XEE: Geospatial analysis made easier - a tutorial & code

XEE: Geospatial analysis made easier - a tutorial & code

I've been working with geospatial datasets for 13+ years now (since ~2011 that I started analyzing NASA-MODIS satellite data). Since then, there have been many advances in the field, all of which have made accessing and analyzing geospatial datasets easier and more convenient.

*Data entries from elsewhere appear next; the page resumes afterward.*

lemma psi_lower_bound: "min (x^4) (x^2) / 768 \<le> psi x"
proof -
  define y where "y = \<bar>x\<bar>"
  have y: "0 \<le> y" "x^4 = y^4" "x^2 = y^2" "psi x = psi y"
    by (auto simp: y_def power2_abs power_even_abs psi_abs)
  consider "y \<le> 1" | "1 < y" "y \<le> 4" | "4 < y" by linarith
  then have "min (y^4) (y^2) / 768 \<le> psi y"
  proof cases
    case 1
    have "min (y^4) (y^2) \<le> y^4" "0 \<le> y^4" by simp_all
    then show ?thesis using psi_ge_quartic[of y] 1 y by linarith
  next
    case 2
    have "1/48 \<le> psi y"
      using psi_ge_quartic[of 1] psi_mono[of 1 y] 2 by simp
    moreover have "y^2 \<le> 4^2" using 2 y by (intro power_mono) auto
    ultimately show ?thesis by (simp add: min_def)
  next
    case 3
    have "y^2/768 \<le> y^2/2 - y"
      using 3 mult_left_mono[of 4 y y] by (simp add: power2_eq_square)
    also have "\<dots> \<le> psi y" using ln_cosh_le_abs[of y] y by (simp add: psi_def)
    finally show ?thesis by (simp add: min_def)
  qed
  then show ?thesis using y by simp
qed

lemma psi_over_power4_tendsto: "((\<lambda>x. psi x / x^4) \<longlongrightarrow> 1/12) (at 0)"
  unfolding psi_def by (real_asymp simp: cosh_def)

lemma power4_mult_psi_tendsto: "((\<lambda>x. x^4 * psi (s / x + e / x^2)) \<longlongrightarrow> s^4/12) at_top"
proof -
  \<comment> \<open>The argument of \<open>psi\<close> may vanish, so use the continuous extension of \<open>psi y / y^4\<close>.\<close>
  define G where "G y = (if y = 0 then 1/12 else psi y / y^4)" for y
  have "(G \<longlongrightarrow> 1/12) (at 0)"
    using psi_over_power4_tendsto by (rule Lim_transform_eventually) (auto simp: G_def eventually_at_filter)
  then have G_cont: "isCont G 0" unfolding isCont_def by (simp add: G_def)
  have inv0: "((\<lambda>x::real. inverse x) \<longlongrightarrow> 0) at_top"
    by (rule tendsto_inverse_0_at_top[OF filterlim_ident])
  have "((\<lambda>x. s * inverse x + e * inverse x ^ 2) \<longlongrightarrow> s * 0 + e * 0 ^ 2) at_top"
    by (intro tendsto_intros inv0)
  then have "((\<lambda>x. s / x + e / x^2) \<longlongrightarrow> 0) at_top"
    by (simp add: divide_inverse power_inverse)
  from isCont_tendsto_compose[OF G_cont this]
  have "((\<lambda>x. G (s / x + e / x^2)) \<longlongrightarrow> 1/12) at_top" by (simp add: G_def)
  moreover have "((\<lambda>x. (s + e * inverse x)^4) \<longlongrightarrow> (s + e * 0)^4) at_top"
    by (intro tendsto_intros inv0)
  ultimately have "((\<lambda>x. (s + e * inverse x)^4 * G (s / x + e / x^2)) \<longlongrightarrow> s^4 * (1/12)) at_top"
    using tendsto_mult by fastforce
  moreover have "eventually (\<lambda>x. (s + e * inverse x)^4 * G (s / x + e / x^2) = x^4 * psi (s / x + e / x^2)) at_top"
  proof (rule eventually_at_top_linorderI[of 1])
    fix x :: real assume "1 \<le> x"
    then have "s + e * inverse x = x * (s / x + e / x^2)"
      by (simp add: field_simps power2_eq_square)
    moreover have "psi y = y^4 * G y" for y by (simp add: G_def)
    ultimately show "(s + e * inverse x)^4 * G (s / x + e / x^2) = x^4 * psi (s / x + e / x^2)"
      by (simp add: power_mult_distrib)
  qed
  ultimately show ?thesis by (simp add: tendsto_cong)
qed


section \<open>The smoothed density\<close>

definition qN :: "nat \<Rightarrow> real" where
  "qN n = real (2*n) powr (1/4)"

lemma qN_pos: "n \<ge> 1 \<Longrightarrow> 0 < qN n"
  by (simp add: qN_def)

lemma qN_ge_1: "n \<ge> 1 \<Longrightarrow> 1 \<le> qN n"
  unfolding qN_def by (rule ge_one_powr_ge_zero) auto

lemma qN_power: "0 < k \<Longrightarrow> qN n ^ k = real (2*n) powr (real k / 4)"
  unfolding qN_def by (cases "n = 0") (simp_all add: powr_power)

lemma real_eq_qN_pow4: "real n = qN n ^ 4 / 2"
  using qN_power[of 4 n] by simp

lemma qN_at_top: "filterlim qN at_top sequentially"
  unfolding qN_def by real_asymp

lemma tendsto_exp_neg_sq_div_qN: "(\<lambda>n. exp (- ((1 / qN n * t)^2) / 2)) \<longlonglongrightarrow> 1"
proof -
  have "(\<lambda>n. exp (- ((inverse (qN n) * t)^2) / 2)) \<longlonglongrightarrow> exp (- ((0 * t)^2) / 2)"
    by (intro tendsto_intros tendsto_inverse_0_at_top[OF qN_at_top]) simp_all
  then show ?thesis by (simp add: inverse_eq_divide)
qed

lemma sqrt_scaling_eq_qN: "sqrt (real (2*n)) / 2 * x = real n * x / qN n ^ 2"
proof (cases "n = 0")
  case False
  define q where "q = qN n"
  have q0: "0 < q" using qN_pos[of n] False by (simp add: q_def)
  have q2: "sqrt (real (2*n)) = q^2"
    unfolding q_def qN_power[of 2 n, simplified] by (simp add: powr_half_sqrt)
  have "sqrt (real (2*n)) / 2 * x = q^4/2 * x / q^2"
    unfolding q2 using q0 by (simp add: field_simps power4_eq_xxxx power2_eq_square)
  then show ?thesis unfolding q_def real_eq_qN_pow4[of n] .
qed simp

lemma root4_scaling_eq_qN: "real (2*n) powr (1/4) / 2 * x = real n * x / qN n ^ 3"
proof (cases "n = 0")
  case False
  define q where "q = qN n"
  have q0: "0 < q" using qN_pos[of n] False by (simp add: q_def)
  have "q / 2 * x = q^4/2 * x / q^3"
    using q0 by (simp add: field_simps power4_eq_xxxx power3_eq_cube)
  then show ?thesis unfolding q_def real_eq_qN_pow4[of n] qN_def .
qed simp

lemma power2_le_power4_plus_1: fixes x :: real shows "x^2 \<le> x^4 + 1"
proof -
  have "0 \<le> (x^2 - 1)^2" by simp
  also have "\<dots> = x^4 - 2 * x^2 + 1" by (simp add: algebra_simps power2_eq_square power4_eq_xxxx)
  finally show ?thesis using zero_le_power2[of x] by linarith
qed
(* Let $\Sigma=(\mathbf{x},\mathbf{F})$ be an LP seed of rank $n\ge2$ satisfying Condition 1.2. Let $y=\sum_{m=a}^{b}c_mx_1^m$ with $a\le b$ integers, $c_m\in R^{st}[x_2,x'_2,\dots,x_n,x'_n]$ and $c_a\ne0$. Then $LT(y)=\varphi(c_a)\,x_1^a$.
   Context: $R$ is a unique factorization domain containing $\mathbb{Z}$ and $\mathcal{F}$ is the field of rational functions in $n$ variables over $\mathrm{Frac}(R)$. An LP seed of rank $n$ is a pair $(\mathbf{x},\mathbf{F})$ where $\mathbf{x}=\{x_1,\dots,x_n\}$ is a transcendence basis of $\mathcal{F}$ over $\mathrm{Frac}(R)$ and $\mathbf{F}=\{F_1,\dots,F_n\}$ are irreducible polynomials in $R[x_1,\dots,x_n]$ with $x_j\nmid F_i$ for all $i,j$ and $F_i$ not involving $x_i$. The exchange Laurent polynomial is $\hat F_j=F_j/\prod_{k\neq j}x_k^{a_k}$, with $a_k\in\mathbb{Z}_{\ge0}$ maximal such that $F_k^{a_k}$ divides $F_j|_{x_k\leftarrow F_k/x'_k}$ in $R[x_1,\dots,x_{k-1},(x'_k)^{-1},x_{k+1},\dots,x_n]$. Set $x'_j=\hat F_j/x_j$. Lexicographic order on $\mathbb{Z}^n$: $\mathbf{a}\prec\mathbf{a}'$ if the first nonzero entry of $\mathbf{a}'-\mathbf{a}$ is positive; the lexicographically first monomial of a polynomial is its term with $\prec$-smallest exponent vector. Condition 1.2: for every $k\in[1,n]$, with $M_k$ the lexicographically first monomial of $F_k$: (i) $\hat F_k=F_k$; (ii) $M_k=x_{k+1}^{v_{k+1,k}}\cdots x_n^{v_{n,k}}$ (coefficient $1$) with $v_{\cdot,k}\in\mathbb{Z}_{\ge0}$ for $k\in[1,n-1]$, and $M_n=1$; (iii) if $k\ne1$ and $F_k$ involves $x_1$, then every monomial of $F_k-M_k$ is divisible by $x_1$; (iv) if $k\notin\{1,2\}$, $F_k$ does not involve $x_1$, and there is $i\in[2,k-1]$ such that $x_k$ divides $M_i$, then every monomial of $F_k-M_k$ is divisible by $x_i$. Under (i), $R[x_2,x'_2,\dots,x_n,x'_n]\subseteq R[x_1,x_2^{\pm1},\dots,x_n^{\pm1}]$; $\varphi$ is the restriction to $R[x_2,x'_2,\dots,x_n,x'_n]$ of the $R$-algebra homomorphism $R[x_1,x_2^{\pm1},\dots,x_n^{\pm1}]\to R[x_2^{\pm1},\dots,x_n^{\pm1}]$ with $x_1\mapsto0$, $x_i^{\pm1}\mapsto x_i^{\pm1}$ ($i\ge2$). $R^{st}[x_2,x'_2,\dots,x_n,x'_n]$ is the $R$-span of the monomials in $x_2,x'_2,\dots,x_n,x'_n$ containing no product $x_ix'_i$. For $y\in R[x_1^{\pm1},\dots,x_n^{\pm1}]$, $LT(y)$ is the sum of all terms (with nonzero coefficient) of the Laurent expansion of $y$ in $x_1,\dots,x_n$ having the smallest power of $x_1$. *)

theory Defs
  imports "HOL-Library.Poly_Mapping" "HOL-Computational_Algebra.Factorial_Ring"
begin

text \<open>Laurent polynomials over a coefficient ring R in variables x_1, x_2, ...:
  finitely supported maps from integer exponent vectors to R.  Only the variables
  with index in {1..n} are used.  The transcendence basis x of the seed is identified
  with these formal variables (the whole statement lives in R[x_1^(+-1),...,x_n^(+-1)]).\<close>

type_synonym 'a lpoly = "(nat \<Rightarrow>\<^sub>0 int) \<Rightarrow>\<^sub>0 'a"
lemma fps_neg_var_euler_prod_double:
  assumes "odd k"
  shows "fps_neg_var (euler_prod k (2 * N))
       = (\<Prod>t<N. 1 + fps_X ^ (k * (2 * t + 1))) * (euler_prod (2 * k) N :: 'a::idom fps)"
proof -
  have "fps_neg_var ((1 - fps_X ^ (k * (2 * t + 1))) * (1 - fps_X ^ (k * (2 * t + 2))))
      = (1 + fps_X ^ (k * (2 * t + 1))) * (1 - (fps_X :: 'a fps) ^ (k * (2 * t + 2)))" for t
  proof -
    have "(-1 :: 'a fps) ^ (k * (2 * t + 1)) = -1" "(-1 :: 'a fps) ^ (k * (2 * t + 2)) = 1"
      using assms by (simp_all add: neg_one_odd_power neg_one_even_power)
    then show ?thesis
      by (simp add: fps_neg_var_mult fps_neg_var_one_minus_X_power)
  qed
  then have "fps_neg_var (euler_prod k (2 * N))
      = (\<Prod>t<N. (1 + fps_X ^ (k * (2 * t + 1))) * (1 - fps_X ^ (k * (2 * t + 2))) :: 'a fps)"
    unfolding euler_prod_def prod_group2 by (simp add: fps_neg_var_prod)
  also have "(\<Prod>t<N. 1 - (fps_X :: 'a fps) ^ (k * (2 * t + 2))) = euler_prod (2 * k) N"
    unfolding euler_prod_lessThan by (simp add: algebra_simps)
  ultimately show ?thesis
    by (simp add: prod.distrib)
qed

lemma fps_neg_var_euler_prod_odd:
  fixes N :: nat
  assumes "odd k"
  shows "fps_neg_var (euler_prod k (2 * N)) * euler_prod k (2 * N) * euler_prod (4 * k) N
       = (euler_prod (2 * k) (2 * N) * euler_prod (2 * k) N ^ 2 :: 'a::idom fps)"
proof -
  have "(1 + x) * (1 - x) = 1 - x ^ 2" for x :: "'a fps"
    by (simp add: algebra_simps power2_eq_square)
  moreover have "(fps_X :: 'a fps) ^ (2 * k * (2 * t + 1)) = (fps_X ^ (k * (2 * t + 1))) ^ 2" for t
    by (simp add: power_mult[symmetric] mult_ac)
  ultimately have "(\<Prod>t<N. 1 + fps_X ^ (k * (2 * t + 1))) * (\<Prod>t<N. 1 - fps_X ^ (k * (2 * t + 1)))
      = (\<Prod>t<N. 1 - fps_X ^ (2 * k * (2 * t + 1)) :: 'a fps)"
    unfolding prod.distrib[symmetric] by simp
  moreover have "euler_prod (2 * k) (2 * N)
      = (\<Prod>t<N. 1 - fps_X ^ (2 * k * (2 * t + 1))) * (euler_prod (4 * k) N :: 'a fps)"
    using euler_prod_double[of "2 * k" N] by (simp add: mult.assoc)
  ultimately show ?thesis
    unfolding fps_neg_var_euler_prod_double[OF assms] unfolding euler_prod_double[of k N]
    by (simp add: power2_eq_square mult_ac)
qed

lemma fps_neg_var_f_fps_even:
  assumes "even k" "k > 0"
  shows "fps_neg_var (f_fps k) = f_fps k"
proof (rule fps_eq_if_agree)
  fix m
  have "fps_agree m (fps_neg_var (f_fps k)) (fps_neg_var (euler_prod k m))"
    using assms by (intro fps_neg_var_agree f_fps_agree_euler_prod) auto
  also have "fps_neg_var (euler_prod k m :: rat fps) = euler_prod k m"
    using assms(1) by (rule fps_neg_var_euler_prod_even)
  also have "fps_agree m \<dots> (f_fps k)"
    using assms by (intro fps_agree_sym[OF f_fps_agree_euler_prod]) auto
  finally show "fps_agree m (fps_neg_var (f_fps k)) (f_fps k)" .
qed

In this article, I'll present a tutorial focusing on a XEE, new python tool that combines the power of Google Earth Engine (GEE) and Xarray. I'll share a couple of examples and I'll provide the code and extra resources for each case. I hope you find this article useful and I hope you share it with others. If you're interested to learn more about Xarray, I had shared a tutorial for climate data analysis that can be useful as well.

Objectives:

  • Present a tutorial for a new geospatial data analysis tool (XEE)
  • Provide sample code for how to analyze geospatial data and generate high quality visualizations
  • Encourage people (especially students) to learn Python and showcase how easy it is to perform geospatial analysis

1. Problem statement:

Generally, the workflow for geospatial modeling begins with downloading and pre-processing various datasets from different sources. For instance, one would acquire satellite data (e.g. land cover or vegetation) from NASA, climate data from ECMWF (e.g. ERA-5), and weather predictions from NOAA (e.g. GFS). Each of these datasets may be in a different format (e.g. hdf, netcdf, grib, etc) and in various latitude/longitude resolutions. Therefore, the downloaded raw data is usually not useful later on. If one could only access different data sources in a consistent format, load the raw data to perform pre-processing and then save the desired pre-processed data, it would save quite a bit of time and storage, and it would also reduce the barriers to entry, and hence make geospatial analysis more accessible. Well, the wait seems to be over :)

A typical geospatial modeling workflow and how XEE has improved it

GEE provides access to a huge catalog of datasets (tens of petabytes), and the consistent format is surely a desirable feature. Meanwhile, Xarray (being compatible with numpy, pandas, dask, and cartopy) has proven to be a unique tool for analyzing multidimensional / geospatial data (especially climate data). I think the combination of the two is a very useful tool.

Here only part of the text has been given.